*** Input Section Begins ***

lemma cosh_arsinh_coeff_ode_sinh:
  fixes y v :: real
  assumes "\<bar>y\<bar> \<le> 1" "\<bar>sinh v\<bar> < 1"
  defines "a \<equiv> cosh_arsinh_coeff y"
  shows "(\<Sum>m. diffs a m * sinh v ^ m) * sinh v
           + (\<Sum>m. diffs (diffs a) m * sinh v ^ m) * cosh v * cosh v
         = y\<^sup>2 * (\<Sum>m. a m * sinh v ^ m)"
proof -
  have cosh_sq: "cosh v * cosh v = 1 + (sinh v)\<^sup>2"
    using cosh_square_eq[of v] by (simp add: power2_eq_square)
  have "(\<Sum>m. diffs a m * sinh v ^ m) * sinh v
          + (\<Sum>m. diffs (diffs a) m * sinh v ^ m) * cosh v * cosh v
        = (1 + (sinh v)\<^sup>2) * (\<Sum>m. diffs (diffs a) m * sinh v ^ m)
          + sinh v * (\<Sum>m. diffs a m * sinh v ^ m)"
    unfolding mult.assoc[of _ "cosh v" "cosh v"] cosh_sq by (simp add: algebra_simps)
  also have "\<dots> = y\<^sup>2 * (\<Sum>m. a m * sinh v ^ m)"
    unfolding a_def by (rule cosh_arsinh_coeff_ode[OF assms(1,2)])
  finally show ?thesis .
qed

lemma cosh_arsinh_powser_sinh:
  assumes y: "\<bar>y\<bar> \<le> 1" and u: "u \<in> {-arsinh 1<..<arsinh 1}"
  shows "(\<Sum>m. cosh_arsinh_coeff y m * sinh u ^ m) = cosh (y * u)"
proof -
  define a where "a = cosh_arsinh_coeff y"
  define P where "P c v = (\<Sum>m. c m * sinh v ^ m)" for c :: "nat \<Rightarrow> real" and v :: real
  have conv0: "summable (\<lambda>m. a m * s ^ m)" if "\<bar>s\<bar> < 1" for s
    using summable_cosh_arsinh_coeff y that by (simp add: a_def)
  have conv1: "summable (\<lambda>m. diffs a m * s ^ m)" if "\<bar>s\<bar> < 1" for s
    using that conv0 by (intro termdiff_converges) auto
  have sinh_lt_1: "\<bar>sinh v\<bar> < 1" if "v \<in> {-arsinh 1<..<arsinh 1}" for v :: real
    using that sinh_real_less_iff[of v "arsinh 1"] sinh_real_less_iff[of "-arsinh 1" v]
    by (auto simp: abs_less_iff)
  define W W' where "W v = P a v - cosh (y * v)"
    and "W' v = P (diffs a) v * cosh v - y * sinh (y * v)" for v :: real
  have "W u = 0"
  proof (rule second_order_ode_zero[of "-arsinh 1" "arsinh 1" W W' y])
    fix v :: real
    assume v: "v \<in> {-arsinh 1<..<arsinh 1}"
    have dP0: "(P a has_real_derivative P (diffs a) v * cosh v) (at v)"
      and dP1: "(P (diffs a) has_real_derivative P (diffs (diffs a)) v * cosh v) (at v)"
      unfolding P_def[abs_def] using conv0 conv1 sinh_lt_1[OF v]
      by (auto intro!: has_real_derivative_powser_sinh[where K = 1])
    show "(W has_real_derivative W' v) (at v)"
      unfolding W_def[abs_def] W'_def by (auto intro!: derivative_eq_intros dP0)
    have "(W' has_real_derivative
            P (diffs a) v * sinh v + P (diffs (diffs a)) v * cosh v * cosh v
              - y * (cosh (y * v) * y)) (at v)"
      unfolding W'_def[abs_def] by (auto intro!: derivative_eq_intros dP1)
    moreover have "P (diffs a) v * sinh v + P (diffs (diffs a)) v * cosh v * cosh v
        - y * (cosh (y * v) * y) = y\<^sup>2 * W v"
    proof -
      have ode: "P (diffs a) v * sinh v + P (diffs (diffs a)) v * cosh v * cosh v = y\<^sup>2 * P a v"
        unfolding P_def a_def by (rule cosh_arsinh_coeff_ode_sinh[OF y sinh_lt_1[OF v]])
      show ?thesis
        unfolding ode W_def by (simp add: algebra_simps power2_eq_square)
    qed
    ultimately show "(W' has_real_derivative y\<^sup>2 * W v) (at v)"
      by simp
  next
    have "P a 0 = 1" "P (diffs a) 0 = 0"
      by (simp_all add: P_def a_def diffs_def)
    then show "W 0 = 0" "W' 0 = 0"
      by (simp_all add: W_def W'_def)
  qed (use u in simp_all)
  then show ?thesis
    by (simp add: W_def P_def a_def)
qed

lemma cosh_arsinh_sums:
  assumes "\<bar>y\<bar> \<le> 1" and "\<bar>t\<bar> < 1"
  shows "(\<lambda>m. cosh_arsinh_coeff y m * t ^ m) sums cosh (y * arsinh t)"
proof -
  have "arsinh t \<in> {-arsinh 1<..<arsinh 1}"
    using assms(2) arsinh_less_iff_real[of t 1] arsinh_less_iff_real[of "-1" t]
    by (auto simp: abs_less_iff arsinh_minus_real)
  from cosh_arsinh_powser_sinh[OF assms(1) this] show ?thesis
    using summable_cosh_arsinh_coeff[OF assms] by (simp add: sums_iff)
qed

lemma fact_mult_cosh_arsinh_coeff_even:
  "fact (2 * n) * cosh_arsinh_coeff y (2 * n) = (\<Prod>j<n. y\<^sup>2 - 4 * (real j)\<^sup>2)"
proof (induction n)
  case (Suc n)
  define F where "F = (2 * real n + 1) * (2 * real n + 2)"
  have "fact (2 * Suc n) = fact (2 * n) * F"
    by (simp add: F_def algebra_simps)
  moreover have "cosh_arsinh_coeff y (2 * Suc n)
      = (y\<^sup>2 - 4 * (real n)\<^sup>2) * cosh_arsinh_coeff y (2 * n) / F"
    by (simp add: F_def power_mult_distrib add_ac)
  moreover have "F \<noteq> 0"
    by (simp add: F_def add_pos_pos)
  ultimately have "fact (2 * Suc n) * cosh_arsinh_coeff y (2 * Suc n)
      = (y\<^sup>2 - 4 * (real n)\<^sup>2) * (fact (2 * n) * cosh_arsinh_coeff y (2 * n))"
    by (simp only:) (simp add: field_simps)
  with Suc.IH show ?case
    by simp
qed simp

lemma gbinomial_half_mult_gbinomial_neg_half:
  fixes y :: real
  shows "(-4) ^ n * (fact n)\<^sup>2 * ((y / 2 gchoose n) * (- y / 2 gchoose n))
       = (\<Prod>j<n. y\<^sup>2 - 4 * (real j)\<^sup>2)"
proof -
  have "(-4) ^ n * (fact n)\<^sup>2 * ((y / 2 gchoose n) * (- y / 2 gchoose n))
      = (-4) ^ n * (((y / 2 gchoose n) * fact n) * ((- y / 2 gchoose n) * fact n))"
    by (simp add: power2_eq_square)
  also have "\<dots> = (-4) ^ n * ((\<Prod>j<n. y / 2 - real j) * (\<Prod>j<n. - y / 2 - real j))"
    by (simp add: gbinomial_mult_fact' atLeast0LessThan)
  also have "\<dots> = (\<Prod>j<n. (-4) * ((y / 2 - real j) * (- y / 2 - real j)))"
    by (simp only: prod.distrib prod_constant card_lessThan)
  also have "\<dots> = (\<Prod>j<n. y\<^sup>2 - 4 * (real j)\<^sup>2)"
    by (simp add: algebra_simps power2_eq_square)
  finally show ?thesis .
qed

abbreviation unit_cube :: "nat \<Rightarrow> (nat \<Rightarrow> real) measure" where
  "unit_cube k \<equiv> Pi\<^sub>M {..<k} (\<lambda>_. restrict_space lborel {0..1})"

lemma prob_space_unit_interval: "prob_space (restrict_space lborel {0..1::real})"
  by (rule prob_spaceI) (simp add: space_restrict_space emeasure_restrict_space)

lemma prob_space_unit_cube: "prob_space (unit_cube k)"
  by (intro prob_space_PiM prob_space_unit_interval)

lemma prod_in_unit_interval: "x \<in> space (unit_cube k) \<Longrightarrow> (\<Prod>i<k. x i) \<in> {0..1}"
  by (auto simp: space_PiM space_restrict_space PiE_def Pi_def intro!: prod_nonneg prod_le_1)

lemma borel_measurable_prod_coords [measurable]:
  "(\<lambda>x. \<Prod>i<k. x i) \<in> borel_measurable (unit_cube k)"
proof (rule borel_measurable_prod)
  fix i assume "i \<in> {..<k}"
  have "(\<lambda>x. x) \<in> borel_measurable (restrict_space lborel {0..1::real})"
    by (intro measurable_restrict_space1) simp
  with \<open>i \<in> {..<k}\<close> show "(\<lambda>x. x i) \<in> borel_measurable (unit_cube k)"
    by (intro measurable_compose[OF measurable_component_singleton])
qed

lemma integral_prod_power_unit_cube:
  "(\<integral>x. (\<Prod>i<k. x i) ^ j \<partial>unit_cube k) = 1 / (real j + 1) ^ k"
proof -
  interpret product_sigma_finite "\<lambda>_. restrict_space lborel {0..1::real}"
    by (simp add: product_sigma_finite_def prob_space_imp_sigma_finite prob_space_unit_interval)
  interpret U: prob_space "restrict_space lborel {0..1::real}"
    by (rule prob_space_unit_interval)
  have "integrable (restrict_space lborel {0..1}) (\<lambda>y::real. y ^ j)"
    by (rule U.integrable_const_bound[where B = 1])
      (auto simp: space_restrict_space power_le_one intro!: AE_I2 measurable_restrict_space1)
  then have "(\<integral>x. (\<Prod>i<k. x i) ^ j \<partial>unit_cube k)
      = (\<Prod>i<k. \<integral>y. y ^ j \<partial>restrict_space lborel {0..1})"
    unfolding prod_power_distrib by (intro product_integral_prod[where f = "\<lambda>_ y. y ^ j"]) auto
  also have "(\<integral>y. y ^ j \<partial>restrict_space lborel {0..1}) = 1 / (real j + 1)"
    by (simp add: integral_restrict_space integral_power mult.commute)
  finally show ?thesis
    by (simp add: power_one_over)
qed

*** Input Section Ends ***

- _Exercise aim_
Give back exactly the lines above starting at the line where "by (simp add: F_def algebra_simps)" appears and ending at the line where "n * ((\<Prod>j<n." appears, both included, with no other lines.

- _Exercise output_
    by (simp add: F_def algebra_simps)
  moreover have "cosh_arsinh_coeff y (2 * Suc n)
      = (y\<^sup>2 - 4 * (real n)\<^sup>2) * cosh_arsinh_coeff y (2 * n) / F"
    by (simp add: F_def power_mult_distrib add_ac)
  moreover have "F \<noteq> 0"
    by (simp add: F_def add_pos_pos)
  ultimately have "fact (2 * Suc n) * cosh_arsinh_coeff y (2 * Suc n)
      = (y\<^sup>2 - 4 * (real n)\<^sup>2) * (fact (2 * n) * cosh_arsinh_coeff y (2 * n))"
    by (simp only:) (simp add: field_simps)
  with Suc.IH show ?case
    by simp
qed simp

lemma gbinomial_half_mult_gbinomial_neg_half:
  fixes y :: real
  shows "(-4) ^ n * (fact n)\<^sup>2 * ((y / 2 gchoose n) * (- y / 2 gchoose n))
       = (\<Prod>j<n. y\<^sup>2 - 4 * (real j)\<^sup>2)"
proof -
  have "(-4) ^ n * (fact n)\<^sup>2 * ((y / 2 gchoose n) * (- y / 2 gchoose n))
      = (-4) ^ n * (((y / 2 gchoose n) * fact n) * ((- y / 2 gchoose n) * fact n))"
    by (simp add: power2_eq_square)
  also have "\<dots> = (-4) ^ n * ((\<Prod>j<n. y / 2 - real j) * (\<Prod>j<n. - y / 2 - real j))"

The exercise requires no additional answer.